– Я беженец! Беженец! Меня зовут Рыжераф! Я лишился всего! Возьмите меня с собой в Дальний Лес! Умоляю!
– Уважаемый жираф Рыжераф! У вас есть билет? – гундосит аистесса.
– Нет! Должен был быть – но нет! Меня обманули!
– Убедительно просим вас немедленно покинуть взлётную поляну. Даже если бы у вас имелся билет, в перевозке регулярным рейсом вам бы было отказано. При таком весе пассажирской туши, как у вас, допусти?м только частный рейс. Для вашей доставки в пункт назначения потребуется весь «Аистиный клин». Такая услуга стоит миллион кокош. Мы желаем вам всего доброго и ждём вас весной с указанной суммой.
– О горе! О ужас! Весна! Миллион кокош! – Рыжераф на заплетающихся копытах удаляется с взлётной поляны.
Я подхожу к раздражённому аисту-перевозчику. Перед ним расстелена застиранная пелёнка с траурным кантиком – она для меня, и горячий ветер саванны успел припорошить её горячим песком, пока аист и стоящие чуть поодаль медоедка Медея и гепард Геп, мои провожающие, меня дожидались.
Возмущённая аистесса со встопорщенными перьями подлетает ко мне:
– Это просто безобразие, самка!

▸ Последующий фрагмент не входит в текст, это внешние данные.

(* Let $\vartheta$ be a semi-compatible random substitution on $\mathcal A=\{a_1,\dots,a_n\}$ with substitution matrix $M$. Then for all integers $1\leqslant k<m$, \[ \bm q_k^\intercal M^{m-k}\;\leqslant\;\bm q_m^\intercal\;\leqslant\;\bm q_k^\intercal M^{m-k}+\bm q_{m-k}^\intercal \] component-wise.
   Context: Let $\mathcal A=\{a_1,\dots,a_n\}$ be a finite alphabet, $\mathcal A^+$ the set of finite non-empty words over $\mathcal A$, and $\mathcal F(\mathcal A^+)$ the set of finite non-empty subsets of $\mathcal A^+$. For $A,B\in\mathcal F(\mathcal A^+)$ put $AB=\{uv: u\in A, v\in B\}$. A random substitution is a map $\vartheta:\mathcal A\to\mathcal F(\mathcal A^+)$, extended to words by $\vartheta(u_1\cdots u_m)=\vartheta(u_1)\cdots\vartheta(u_m)$ and to sets by $\vartheta(A)=\bigcup_{u\in A}\vartheta(u)$; powers $\vartheta^m$ are compositions. $|u|_a$ denotes the number of occurrences of the letter $a$ in $u$ and $\Phi(u)=(|u|_{a_1},\dots,|u|_{a_n})^\intercal$. $\vartheta$ is semi-compatible if for every $a\in\mathcal A$ all words in $\vartheta(a)$ have the same Abelianisation $\Phi$. The substitution matrix is $M_{ij}=|u|_{a_i}$ for any $u\in\vartheta(a_j)$. Set $q_{m,i}=\log(\#\vartheta^m(a_i))$ and $\bm q_m=(q_{m,1},\dots,q_{m,n})^\intercal$. *)

theory Defs
  imports "HOL-Analysis.Analysis"
begin

definition random_substitution :: "('a \<Rightarrow> 'a list set) \<Rightarrow> bool" where
  "random_substitution \<theta> \<longleftrightarrow> (\<forall>a. finite (\<theta> a) \<and> \<theta> a \<noteq> {} \<and> [] \<notin> \<theta> a)"

fun subst_word :: "('a \<Rightarrow> 'a list set) \<Rightarrow> 'a list \<Rightarrow> 'a list set" where
  "subst_word \<theta> [] = {[]}"
| "subst_word \<theta> (x # xs) = {u @ v | u v. u \<in> \<theta> x \<and> v \<in> subst_word \<theta> xs}"

definition subst_set :: "('a \<Rightarrow> 'a list set) \<Rightarrow> 'a list set \<Rightarrow> 'a list set" where
  "subst_set \<theta> A = (\<Union>u\<in>A. subst_word \<theta> u)"

fun subst_pow :: "('a \<Rightarrow> 'a list set) \<Rightarrow> nat \<Rightarrow> 'a list set \<Rightarrow> 'a list set" where
  "subst_pow \<theta> 0 A = A"
| "subst_pow \<theta> (Suc m) A = subst_set \<theta> (subst_pow \<theta> m A)"

definition semi_compatible :: "('a \<Rightarrow> 'a list set) \<Rightarrow> bool" where
  "semi_compatible \<theta> \<longleftrightarrow>
     (\<forall>a. \<forall>u\<in>\<theta> a. \<forall>v\<in>\<theta> a. \<forall>b. count_list u b = count_list v b)"

definition subst_matrix :: "('a::finite \<Rightarrow> 'a list set) \<Rightarrow> real^'a^'a" where
  "subst_matrix \<theta> = (\<chi> i j. real (count_list (SOME u. u \<in> \<theta> j) i))"

fun mat_pow :: "real^'n^'n \<Rightarrow> nat \<Rightarrow> real^'n^'n" where
  "mat_pow A 0 = mat 1"
| "mat_pow A (Suc k) = mat_pow A k ** A"

definition qvec :: "('a::finite \<Rightarrow> 'a list set) \<Rightarrow> nat \<Rightarrow> real^'a" where
  "qvec \<theta> m = (\<chi> i. ln (real (card (subst_pow \<theta> m {[i]}))))"

end

theory Submission
  imports Defs
begin

(*
  theta^m(a_j) is the union of the sets theta^k(v) over v in theta^(m-k)(a_j). By
  semi-compatibility all words of theta^k(a) have the same abelianisation, hence the same
  length, so concatenation is injective on them and #theta^k(v) = prod_i #theta^k(a_i)^|v|_(a_i),
  i.e. log #theta^k(v) = q_k . Phi(v). Every v in theta^(m-k)(a_j) has Phi(v) = M^(m-k) e_j,
  so these sets all have the same size N with log N = (q_k^T M^(m-k))_j, and their union
  has between N and #theta^(m-k)(a_j) * N elements.
*)

definition set_append :: "'a list set \<Rightarrow> 'a list set \<Rightarrow> 'a list set" where
  "set_append A B = (\<lambda>(u, v). u @ v) ` (A \<times> B)"

definition parikh_vector :: "'a::finite list \<Rightarrow> real^'a" where
  "parikh_vector w = (\<chi> c. real (count_list w c))"

lemma set_append_Nil: "set_append {[]} B = B"
  unfolding set_append_def by (auto simp: image_iff)

lemma set_append_singletons: "set_append {u} {v} = {u @ v}"
  unfolding set_append_def by simp

lemma set_append_assoc: "set_append (set_append A B) C = set_append A (set_append B C)"
  unfolding set_append_def by (auto simp: image_iff; blast)

lemma set_append_eq_empty_iff: "set_append A B = {} \<longleftrightarrow> A = {} \<or> B = {}"
  unfolding set_append_def by simp

lemma finite_set_append: "finite A \<Longrightarrow> finite B \<Longrightarrow> finite (set_append A B)"
  unfolding set_append_def by simp

lemma card_set_append:
  assumes same_length: "\<And>u u'. u \<in> A \<Longrightarrow> u' \<in> A \<Longrightarrow> length u = length u'"
  shows "card (set_append A B) = card A * card B"
proof -
  have "inj_on (\<lambda>(u, v). u @ v) (A \<times> B)"
  proof (rule inj_onI, clarify)
    fix u v u' v' assume "u \<in> A" "u' \<in> A" "u @ v = u' @ v'"
    moreover from \<open>u \<in> A\<close> \<open>u' \<in> A\<close> have "length u = length u'" by (rule same_length)
    ultimately show "u = u' \<and> v = v'" by (simp add: append_eq_append_conv)
  qed
  then show ?thesis
    unfolding set_append_def by (simp add: card_image card_cartesian_product)
qed

lemma subst_word_Cons_set_append: "subst_word \<theta> (x # xs) = set_append (\<theta> x) (subst_word \<theta> xs)"
  unfolding set_append_def by auto

declare subst_word.simps(2) [simp del]

lemma subst_word_append: "subst_word \<theta> (xs @ ys) = set_append (subst_word \<theta> xs) (subst_word \<theta> ys)"
  by (induction xs) (simp_all add: set_append_Nil subst_word_Cons_set_append set_append_assoc)

lemma subst_set_set_append:
  "subst_set \<theta> (set_append A B) = set_append (subst_set \<theta> A) (subst_set \<theta> B)"
  unfolding subst_set_def set_append_def by (auto simp: subst_word_append set_append_def image_iff; blast)

lemma subst_pow_set_append:
  "subst_pow \<theta> l (set_append A B) = set_append (subst_pow \<theta> l A) (subst_pow \<theta> l B)"
  by (induction l) (simp_all add: subst_set_set_append)

lemma subst_pow_add: "subst_pow \<theta> (l + l') A = subst_pow \<theta> l (subst_pow \<theta> l' A)"
  by (induction l) simp_all

lemma subst_pow_eq_UN_singleton: "subst_pow \<theta> l A = (\<Union>u\<in>A. subst_pow \<theta> l {u})"
proof (induction l arbitrary: A)
  case (Suc l)
  have "subst_pow \<theta> (Suc l) A = subst_set \<theta> (\<Union>u\<in>A. subst_pow \<theta> l {u})"
    by (simp only: subst_pow.simps Suc.IH[of A])
  then show ?case by (simp add: subst_set_def)
qed simp

lemma subst_pow_Suc_singleton:
  "subst_pow \<theta> (Suc l) {u} = (\<Union>u'\<in>subst_word \<theta> u. subst_pow \<theta> l {u'})"
proof -
  have "subst_pow \<theta> (Suc l) {u} = subst_pow \<theta> l (subst_word \<theta> u)"
    using subst_pow_add[of \<theta> l 1 "{u}"] by (simp add: subst_set_def)
  then show ?thesis
    by (simp only: subst_pow_eq_UN_singleton[of \<theta> l "subst_word \<theta> u"])
qed

lemma subst_pow_Nil: "subst_pow \<theta> l {[]} = {[]}"
  by (induction l) (simp_all add: subst_set_def)

lemma finite_nonempty_subst_word:
  assumes "random_substitution \<theta>"
  shows "finite (subst_word \<theta> u) \<and> subst_word \<theta> u \<noteq> {}"
proof (induction u)
  case (Cons a u)
  have "finite (\<theta> a)" "\<theta> a \<noteq> {}"
    using assms by (auto simp: random_substitution_def)
  with Cons.IH show ?case
    by (simp add: subst_word_Cons_set_append finite_set_append set_append_eq_empty_iff)
qed simp

lemma finite_nonempty_subst_pow:
  assumes "random_substitution \<theta>" "finite A" "A \<noteq> {}"
  shows "finite (subst_pow \<theta> l A) \<and> subst_pow \<theta> l A \<noteq> {}"
proof (induction l)
  case (Suc l)
  then obtain u where "u \<in> subst_pow \<theta> l A" by blast
  with Suc finite_nonempty_subst_word[OF assms(1)] show ?case
    unfolding subst_pow.simps subst_set_def by blast
qed (use assms in simp)

lemma card_subst_pow_pos:
  assumes "random_substitution \<theta>"
  shows "card (subst_pow \<theta> l {u}) > 0"
  using finite_nonempty_subst_pow[OF assms, of "{u}" l] by (simp add: card_gt_0_iff)

lemma parikh_vector_append: "parikh_vector (u @ v) = parikh_vector u + parikh_vector v"
  by (simp add: parikh_vector_def vec_eq_iff)

lemma parikh_vector_Cons: "parikh_vector (a # u) = axis a 1 + parikh_vector u"
  by (simp add: parikh_vector_def vec_eq_iff axis_def)

lemma parikh_vector_singleton: "parikh_vector [a] = axis a 1"
  using parikh_vector_Cons[of a "[]"] by (simp add: parikh_vector_def vec_eq_iff)

lemma length_eq_if_parikh_vector_eq:
  assumes "parikh_vector u = parikh_vector v"
  shows "length u = length v"
proof -
  have "count_list u = count_list v"
    using assms by (auto simp: parikh_vector_def vec_eq_iff)
  then show ?thesis
    using sum_count_set[of u UNIV] sum_count_set[of v UNIV] by simp
qed

lemma parikh_vector_subst_letter:
  assumes "random_substitution \<theta>" "semi_compatible \<theta>" "x \<in> \<theta> a"
  shows "parikh_vector x = column a (subst_matrix \<theta>)"
proof -
  have "(SOME u. u \<in> \<theta> a) \<in> \<theta> a"
    using assms(1) by (simp add: random_substitution_def some_in_eq)
  then have "count_list x b = count_list (SOME u. u \<in> \<theta> a) b" for b
    using assms(2,3) unfolding semi_compatible_def by blast
  then show ?thesis
    by (simp add: parikh_vector_def column_def subst_matrix_def)
qed

lemma parikh_vector_subst_word:
  assumes "random_substitution \<theta>" "semi_compatible \<theta>"
  shows "w \<in> subst_word \<theta> u \<Longrightarrow> parikh_vector w = subst_matrix \<theta> *v parikh_vector u"
proof (induction u arbitrary: w)
  case Nil
  then show ?case by (simp add: parikh_vector_def vec_eq_iff matrix_vector_mult_def)
next
  case (Cons a u)
  then obtain x y where "w = x @ y" "x \<in> \<theta> a" "y \<in> subst_word \<theta> u"
    by (auto simp: subst_word_Cons_set_append set_append_def)
  with Cons.IH show ?case
    by (simp add: parikh_vector_append parikh_vector_Cons parikh_vector_subst_letter[OF assms]
        matrix_vector_right_distrib matrix_vector_mult_basis)
qed

lemma parikh_vector_subst_pow:
  assumes "random_substitution \<theta>" "semi_compatible \<theta>"
  shows "w \<in> subst_pow \<theta> l {u} \<Longrightarrow>
    parikh_vector w = mat_pow (subst_matrix \<theta>) l *v parikh_vector u"
proof (induction l arbitrary: u)
  case (Suc l)
  then obtain u' where "u' \<in> subst_word \<theta> u" "w \<in> subst_pow \<theta> l {u'}"
    unfolding subst_pow_Suc_singleton by blast
  with Suc.IH show ?case
    by (simp add: parikh_vector_subst_word[OF assms] matrix_vector_mul_assoc)
qed simp

lemma card_subst_pow_Cons:
  fixes \<theta> :: "'a::finite \<Rightarrow> 'a list set"
  assumes "random_substitution \<theta>" "semi_compatible \<theta>"
  shows "card (subst_pow \<theta> l {a # u}) = card (subst_pow \<theta> l {[a]}) * card (subst_pow \<theta> l {u})"
proof -
  let ?S = "\<lambda>x. subst_pow \<theta> l {x}"
  have "?S (a # u) = set_append (?S [a]) (?S u)"
    using subst_pow_set_append[of \<theta> l "{[a]}" "{u}"] by (simp add: set_append_singletons)
  moreover have "length x = length x'" if "x \<in> ?S [a]" "x' \<in> ?S [a]" for x x'
    using parikh_vector_subst_pow[OF assms that(1)] parikh_vector_subst_pow[OF assms that(2)]
    by (metis length_eq_if_parikh_vector_eq)
  ultimately show ?thesis
    by (metis card_set_append)
qed

lemma qvec_nth: "qvec \<theta> l $ i = ln (real (card (subst_pow \<theta> l {[i]})))"
  by (simp add: qvec_def)

lemma ln_card_subst_pow_word:
  assumes "random_substitution \<theta>" "semi_compatible \<theta>"
  shows "ln (real (card (subst_pow \<theta> l {u}))) = qvec \<theta> l \<bullet> parikh_vector u"
proof (induction u)
  case Nil
  then show ?case by (simp add: subst_pow_Nil parikh_vector_def inner_vec_def)
next
  case (Cons a u)
  have "ln (real (card (subst_pow \<theta> l {a # u})))
      = ln (real (card (subst_pow \<theta> l {[a]}))) + ln (real (card (subst_pow \<theta> l {u})))"
    unfolding card_subst_pow_Cons[OF assms, of l a u]
    using card_subst_pow_pos[OF assms(1)] by (simp add: ln_mult)
  also have "\<dots> = qvec \<theta> l \<bullet> (axis a 1 + parikh_vector u)"
    by (simp add: Cons.IH inner_add_right cart_eq_inner_axis[symmetric] qvec_nth)
  finally show ?case
    by (simp add: parikh_vector_Cons)
qed

lemma ln_card_subst_pow_image_of_letter:
  assumes "random_substitution \<theta>" "semi_compatible \<theta>" "v \<in> subst_pow \<theta> l {[j]}"
  shows "ln (real (card (subst_pow \<theta> k {v}))) =
    (qvec \<theta> k v* mat_pow (subst_matrix \<theta>) l) $ j"
proof -
  have "parikh_vector v = mat_pow (subst_matrix \<theta>) l *v axis j 1"
    using parikh_vector_subst_pow[OF assms] by (simp add: parikh_vector_singleton)
  then show ?thesis
    by (simp add: ln_card_subst_pow_word[OF assms(1,2)] dot_lmul_matrix cart_eq_inner_axis)
qed

lemma ln_card_UN_bounds:
  fixes S :: "'i \<Rightarrow> 'b set"
  assumes "finite V" "V \<noteq> {}" and "\<And>v. v \<in> V \<Longrightarrow> finite (S v) \<and> card (S v) > 0"
    and ln_card_S: "\<And>v. v \<in> V \<Longrightarrow> ln (real (card (S v))) = L"
  shows "L \<le> ln (real (card (\<Union>v\<in>V. S v)))
    \<and> ln (real (card (\<Union>v\<in>V. S v))) \<le> ln (real (card V)) + L"
proof -
  have card_S: "real (card (S v)) = exp L" if "v \<in> V" for v
    using assms(3)[OF that] ln_card_S[OF that] by (metis exp_ln of_nat_0_less_iff)
  obtain v0 where "v0 \<in> V" using assms(2) by blast
  then have "card (S v0) \<le> card (\<Union>v\<in>V. S v)"
    using assms(1,3) by (intro card_mono) auto
  then have lower: "exp L \<le> real (card (\<Union>v\<in>V. S v))"
    using card_S[OF \<open>v0 \<in> V\<close>] by linarith
  have "real (card (\<Union>v\<in>V. S v)) \<le> (\<Sum>v\<in>V. real (card (S v)))"
    using card_UN_le[OF assms(1), of S] by (simp flip: of_nat_sum)
  also have "\<dots> = real (card V) * exp L"
    by (simp add: card_S)
  finally have upper: "real (card (\<Union>v\<in>V. S v)) \<le> real (card V) * exp L" .
  have "card V > 0" using assms(1,2) by (simp add: card_gt_0_iff)
  have "L \<le> ln (real (card (\<Union>v\<in>V. S v)))"
    using ln_mono[OF lower exp_gt_zero] by simp
  moreover have "ln (real (card (\<Union>v\<in>V. S v))) \<le> ln (real (card V) * exp L)"
    using upper lower exp_gt_zero[of L] by (intro ln_mono) linarith+
  ultimately show ?thesis
    using \<open>card V > 0\<close> by (simp add: ln_mult_pos)
qed

theorem mainTheorem2:
  fixes \<theta> :: "'a::finite \<Rightarrow> 'a list set"
    and k m :: nat
  assumes "random_substitution \<theta>"
    and "semi_compatible \<theta>"
    and "1 \<le> k" and "k < m"
  shows "\<forall>j. (qvec \<theta> k v* mat_pow (subst_matrix \<theta>) (m - k)) $ j \<le> qvec \<theta> m $ j
           \<and> qvec \<theta> m $ j \<le> (qvec \<theta> k v* mat_pow (subst_matrix \<theta>) (m - k)) $ j + qvec \<theta> (m - k) $ j"
proof
  fix j
  let ?L = "(qvec \<theta> k v* mat_pow (subst_matrix \<theta>) (m - k)) $ j"
  let ?V = "subst_pow \<theta> (m - k) {[j]}"
  have "subst_pow \<theta> m {[j]} = subst_pow \<theta> k ?V"
    using subst_pow_add[of \<theta> k "m - k" "{[j]}"] \<open>k < m\<close> by simp
  also have "\<dots> = (\<Union>v\<in>?V. subst_pow \<theta> k {v})"
    by (rule subst_pow_eq_UN_singleton)
  finally have decomposition: "subst_pow \<theta> m {[j]} = (\<Union>v\<in>?V. subst_pow \<theta> k {v})" .
  have "?L \<le> ln (real (card (\<Union>v\<in>?V. subst_pow \<theta> k {v})))
      \<and> ln (real (card (\<Union>v\<in>?V. subst_pow \<theta> k {v}))) \<le> ln (real (card ?V)) + ?L"
    using finite_nonempty_subst_pow[OF assms(1)] card_subst_pow_pos[OF assms(1)]
      ln_card_subst_pow_image_of_letter[OF assms(1,2)]
    by (intro ln_card_UN_bounds) auto
  then show "?L \<le> qvec \<theta> m $ j \<and> qvec \<theta> m $ j \<le> ?L + qvec \<theta> (m - k) $ j"
    by (simp add: qvec_nth decomposition)
qed

end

Ещё минута, и мы бы сняли вас с рейса и улетели.
– Что ж ты, детка, не пришла на минуту позже, – тихо говорит Геп.
Никогда ещё я не слышала, чтобы его голос звучал так печально. Его хвост, обычно нагло задранный к небесам и игриво подёргивающийся, как будто он дразнит Манго Богов, сейчас обвис, и кончик волочится по песку. Похоже, он и правда грустит, что я улетаю.
– Да что вы всё пишете, что же это такое?! – кудахчет аистесса, как курица. – Немедленно перестаньте писать и ложитесь на спину на пелёнку!
Я защёлкиваю свой коготь.
12:45
Я потёрлась носом о сухой и горячий, как камушек на скалах, нос Гепа – невинный дружеский жест на прощанье – и услышала, как в Гепе включилась шестая громкость блаженства. Не помню, чтобы раньше в нём такое включалось, когда мы по-пацански тёрлись носами. Потом я легла на пелёнку, аистесса принялась меня пеленать, и прибор гепардового внутреннего блаженства отключился так быстро и резко, как будто вышел из строя.
– Послушай, Геп. Я хочу, чтобы ты стал полиции каракалом, – сказала я.
– Твоим напарником? – с надеждой уточнил он.
– Нет, ты должен занять моё место. Я хочу назначить тебя преемником.
– Спасибо, не надо, – он помрачнел ещё больше.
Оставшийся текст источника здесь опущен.